5 Kirkland
Between Yard 3 Kirkland and on the east side of in the township of Kirkland
Curwen, 1900 p155-6
Two doors lower down (from 1 Kirkland) , to the south of the yard still called by the name, was the "Old Ship" standing recessed back, bearing the sign of a ship with full sails set. It seems difficult to account for this name, which is more commonly met with on a quay side; and one can only imagine some seafaring captain settling down here with hard-earned savings - probably from the neighbouring port at Milnthorpe - and setting up "just one more house" for the thirsty souls of Kirkland.
Unfortunately there is no date attached to a will in which Abraham Garnett, of Beethwaite Green, devises to his son William, of Kendal, "all that messuage and tenement situated in Kirkland, and know by the name of the 'Old Ship Inn'.

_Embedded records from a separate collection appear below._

lemma quadratic_map_invariance_linearized:
  assumes inv: "\<And>y. F' y *v (T *v y) = B *v F y"
  shows "F' y *v (T *v w) + F'' w (T *v y) = B *v (F' y *v w)"
proof -
  define L where "L w = F' y *v (T *v w) + F'' w (T *v y) - B *v (F' y *v w)" for w
  define Q where "Q w = F'' w (T *v w) - (1/2) *s (B *v F'' w w)" for w
  have LQ: "L w + Q w = 0" for w
  proof -
    have "F' y *v (T *v y) + F'' w (T *v y) + (F' y *v (T *v w) + F'' w (T *v w))
        = F' (y + w) *v (T *v (y + w))"
      by (simp only: quadratic_map_derivative_affine vec.add)
    also have "\<dots> = B *v F (y + w)"
      by (rule inv)
    also have "\<dots> = B *v F y + B *v (F' y *v w) + (1/2) *s (B *v F'' w w)"
      by (simp only: quadratic_map_expand vec.add vec.scale)
    finally show ?thesis
      using inv[of y] unfolding L_def Q_def by (simp add: algebra_simps)
  qed
  \<comment> \<open>L is odd and Q is even in w, and L + Q vanishes identically, so L vanishes.\<close>
  have odd: "L (- w) = - L w" and even: "Q (- w) = Q w"
    using quadratic_map_bilinear
    by (simp_all add: L_def Q_def vec.neg
        symmetric_bilinear_minus_left symmetric_bilinear_minus_right)
  have "L w + L w = (L w + Q w) - (L (- w) + Q (- w))"
    unfolding odd even by simp
  also have "\<dots> = 0"
    using LQ by simp
  finally have "L w = 0"
    by (simp add: vec_eq_iff)
  then show ?thesis
    by (simp add: L_def)
qed

lemma quadratic_map_invariance_second_derivative:
  assumes inv: "\<And>y. F' y *v (T *v y) = B *v F y"
    and inv_square: "\<And>y. F' y *v ((T ** T) *v y) = B2 *v F y"
  shows "F'' (T *v y) (T *v y) = (B ** B - B2) *v F y"
proof -
  have "F' y *v (T *v (T *v y)) + F'' (T *v y) (T *v y) = B *v (F' y *v (T *v y))"
    using quadratic_map_invariance_linearized[OF inv] .
  moreover have "F' y *v (T *v (T *v y)) = B2 *v F y"
    using inv_square[of y] by (simp add: matrix_vector_mul_assoc)
  moreover have "B *v (F' y *v (T *v y)) = (B ** B) *v F y"
    using inv[of y] by (simp add: matrix_vector_mul_assoc)
  ultimately show ?thesis
    by (simp add: matrix_vector_mult_diff_rdistrib algebra_simps)
qed

lemma quadratic_map_midpoint_step:
  assumes inv: "\<And>y. F' y *v (T *v y) = B *v F y"
    and stage: "Y = W + c *s (T *v Y)"
    and step: "W' = Y + c *s (T *v Y)"
  shows "F W' = F W + (2 * c) *s (B *v F Y)"
proof -
  define v where "v = c *s (T *v Y)"
  have "W = Y - v"
    using stage[folded v_def] by simp
  then have "F W' - F W = F (Y + v) - F (Y - v)"
    using step[folded v_def] by simp
  also have "\<dots> = 2 *s (F' Y *v v)"
    by (simp add: quadratic_map_expand quadratic_map_expand_minus vec_eq_iff)
  also have "\<dots> = (2 * c) *s (B *v F Y)"
    using inv[of Y] by (simp add: v_def vec.scale vector_smult_assoc)
  finally show ?thesis
    by (simp add: algebra_simps)
qed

The questionable glory of this last named inn departed when the "Black Bull" opposition house - kept at different times by Kit Ion, Ben Hurd, and old Adamson - was opened immediately across the way, with its pictorial sign of a life-sized head and neck of the ferocious animal. The old inconvenient premises could not compete with the more respectable-looking building which had risen up against it, and thus the "Old Ship Inn" fell to pieces, and in it's place "Betty Shaver," the female barber of Kirkland, set up her business. Using the vaulted cellar at the back of the shop as a warehouse for coal, she retailed out to her neighbours baskets full of this commodity, and cleansed her hands on the lathered features of her "next-turn" chin.